Richard Wurmbrand

Brotherly Help of the Churches

Dear friends and benefactors,
In Canada since 1987, we bring help to the poor, hungry, sick, suffering, to all those who are in need, by putting the charity in the core of our life in faith. We send missionaries to preach in communities, churches, schools, institutions, proposing to the public to share, pray and act to bring help to the poor, hungry, sick, suffering and orphaned. We inform the world about atrocities committed against christians and the persecuted.

Director: Rev. Radu Roscanu

 

Give to those in need (minimum $20.00) to Aid to the Martyr Churches Inc.
(Aide aux Églises Martyres)
by clicking on the button
"PayPal DONATE" below.

Thank you in the name of God



Tuesday, November 25, 2008

Message for the Advent

Dear friends and benefactors,

Greetings from Laval! I hope this finds you well and enjoying these days of the Advent.

Thanks to those of you who have responded to our needs for our projects bringing our help to the poor and persecuted.

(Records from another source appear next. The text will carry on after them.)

lemma three_le_gamma_tg:
  assumes sg: "simple_graph V E" and ni: "no_isolated V E" and otf: "open_twin_free V E"
    and nd: "\<not> (\<exists>v\<in>V. dominating_vertex V E v)"
  shows "3 \<le> gamma_tg V E"
proof -
  have fin: "finite V" using sg by (rule simple_graph_finite)
  have "3 \<le> card V" using sg ni nd by (rule three_le_card_if_no_dominating_vertex)
  then obtain k where k: "card V = Suc (Suc (Suc k))" by (intro that[of "card V - 3"]) simp
  obtain z where z: "z \<in> V" using sg by (auto simp: simple_graph_def)
  have "\<not> nbhd V E z \<subseteq> {}" using no_isolated_nbhd_nonempty[OF ni z] by blast
  then obtain x where x: "x \<in> V" "\<not> nbhd V E x \<subseteq> {}"
    and opt: "gamma_tg V E = Suc (tg_val (Suc (Suc k)) V E False ({} \<union> nbhd V E x))"
    unfolding gamma_tg_def k using tg_val_Dominator_optimal_move[OF fin z] by metis
  obtain w where w: "w \<in> V" "w \<noteq> x" "\<not> E x w"
    using nd x(1) by (auto simp: dominating_vertex_def)
  have "2 \<le> tg_val (Suc (Suc k)) V E False ({} \<union> nbhd V E x)"
    using x(1) w simple_graph_irrefl[OF sg]
    by (intro two_le_tg_val_Staller[OF sg ni otf, of x _ w]) (auto simp: nbhd_def)
  then show ?thesis using opt by simp
qed

lemma near_dominating_non_neighbour_if_gamma_tg_pre_le_2:
  assumes sg: "simple_graph V E" and ni: "no_isolated V E" and otf: "open_twin_free V E"
    and nd: "\<not> (\<exists>v\<in>V. dominating_vertex V E v)"
    and v: "v \<in> V" and pre: "gamma_tg_pre V E v \<le> 2"
  shows "\<exists>x. near_dominating_vertex V E x \<and> \<not> E x v"
proof -
  have fin: "finite V" using sg by (rule simple_graph_finite)
  have "3 \<le> card V" using sg ni nd by (rule three_le_card_if_no_dominating_vertex)
  then obtain k where k: "card V = Suc (Suc (Suc k))" by (intro that[of "card V - 3"]) simp
  have "\<not> nbhd V E v \<subseteq> {v}"
    using no_isolated_nbhd_nonempty[OF ni v] simple_graph_irrefl[OF sg] by (auto simp: nbhd_def)
  then obtain x where x: "x \<in> V" "\<not> nbhd V E x \<subseteq> {v}"
    and opt: "gamma_tg_pre V E v = Suc (tg_val (Suc (Suc k)) V E False ({v} \<union> nbhd V E x))"
    unfolding gamma_tg_pre_def k using tg_val_Dominator_optimal_move[OF fin v] by metis
  have le1: "card (V - ({v} \<union> nbhd V E x)) \<le> 1"
  proof (rule ccontr)
    assume "\<not> ?thesis"
    then obtain a b where "a \<in> V - ({v} \<union> nbhd V E x)" "b \<in> V - ({v} \<union> nbhd V E x)" "a \<noteq> b"
      by (metis card_le_Suc0_iff_eq finite_Diff fin One_nat_def)
    then have "2 \<le> tg_val (Suc (Suc k)) V E False ({v} \<union> nbhd V E x)"
      by (rule two_le_tg_val_Staller[OF sg ni otf])
    then show False using opt pre by simp
  qed
  have deg_x: "deg V E x + 2 \<le> card V" using deg_add_2_le_card[OF sg x(1)] nd x(1) by blast
  then have two: "2 \<le> card (V - nbhd V E x)" using card_Diff_nbhd[OF fin, of E x] by linarith
  have v_out: "v \<in> V - nbhd V E x"
  proof (rule ccontr)
    assume "v \<notin> V - nbhd V E x"
    then have "V - ({v} \<union> nbhd V E x) = V - nbhd V E x" by blast
    then show False using le1 two by simp
  qed
  have "V - ({v} \<union> nbhd V E x) = (V - nbhd V E x) - {v}" by blast
  then have "card (V - ({v} \<union> nbhd V E x)) = card (V - nbhd V E x) - 1"
    using v_out fin by simp
  then have "card V - deg V E x = 2" using le1 two card_Diff_nbhd[OF fin, of E x] by linarith
  then have "near_dominating_vertex V E x" using x(1) deg_x by (simp add: near_dominating_vertex_def)
  moreover have "\<not> E x v" using v_out by (simp add: nbhd_def)
  ultimately show ?thesis by blast
qed

lemma degree_condition_iff_near_dominating_non_neighbour:
  assumes sg: "simple_graph V E" and nd: "\<not> (\<exists>v\<in>V. dominating_vertex V E v)"
  shows "(\<forall>v\<in>V. deg V E v + 3 \<le> card V \<longrightarrow> (\<exists>u\<in>V. deg V E u + 2 = card V \<and> \<not> E u v))
    \<longleftrightarrow> (\<forall>v\<in>V. \<exists>u. near_dominating_vertex V E u \<and> \<not> E u v)"
proof
  assume low: "\<forall>v\<in>V. deg V E v + 3 \<le> card V \<longrightarrow> (\<exists>u\<in>V. deg V E u + 2 = card V \<and> \<not> E u v)"
  show "\<forall>v\<in>V. \<exists>u. near_dominating_vertex V E u \<and> \<not> E u v"
  proof
    fix v assume v: "v \<in> V"
    show "\<exists>u. near_dominating_vertex V E u \<and> \<not> E u v"
    proof (cases "deg V E v + 3 \<le> card V")
      case True
      then show ?thesis using low v by (auto simp: near_dominating_vertex_def)
    next
      case False
      then have "near_dominating_vertex V E v"
        using deg_add_2_le_card[OF sg v] nd v by (auto simp: near_dominating_vertex_def)
      then show ?thesis using simple_graph_irrefl[OF sg] by blast
    qed
  qed
qed (auto simp: near_dominating_vertex_def)

lemma tg_critical3_imp_conditions:
  assumes sg: "simple_graph V E" and ni: "no_isolated V E" and crit: "tg_critical3 V E"
  shows "open_twin_free V E" and "\<not> (\<exists>v\<in>V. dominating_vertex V E v)"
    and "\<forall>v\<in>V. \<exists>u. near_dominating_vertex V E u \<and> \<not> E u v"
proof -
  have g3: "gamma_tg V E = 3" and pre: "\<forall>v\<in>V. gamma_tg_pre V E v \<le> 2"
    using crit by (auto simp: tg_critical3_def)
  show otf: "open_twin_free V E"
    unfolding open_twin_free_def
  proof (intro ballI impI notI)
    fix u v assume "u \<in> V" "v \<in> V" "u \<noteq> v" "nbhd V E u = nbhd V E v"
    then have "gamma_tg_pre V E v = 3" using gamma_tg_pre_open_twin[OF sg] g3 by simp
    then show False using pre \<open>v \<in> V\<close> by auto
  qed
  show nd: "\<not> (\<exists>v\<in>V. dominating_vertex V E v)"
    using g3 gamma_tg_le_2_if_dominating_vertex[OF sg ni] by auto
  show "\<forall>v\<in>V. \<exists>u. near_dominating_vertex V E u \<and> \<not> E u v"
    using pre near_dominating_non_neighbour_if_gamma_tg_pre_le_2[OF sg ni otf nd] by blast
qed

Our mission is celebrating its twenty years’ history in Quebec. Its aim is to practice charity. Our commitment does not fall solely to a moral system, to a humanist philosophy, or to a political ideology, because it is situated at a different level, the level of faith that gives meaning to our activity. In the parable of Last Judgement, the Christ, when He says that what we do to our neighbour is to Himself that we have done, He does not propose a categorical imperative, but He identifies him – self to the poor, to the smallest of His brothers. By serving him, we serve God. And that is what we translate into reality.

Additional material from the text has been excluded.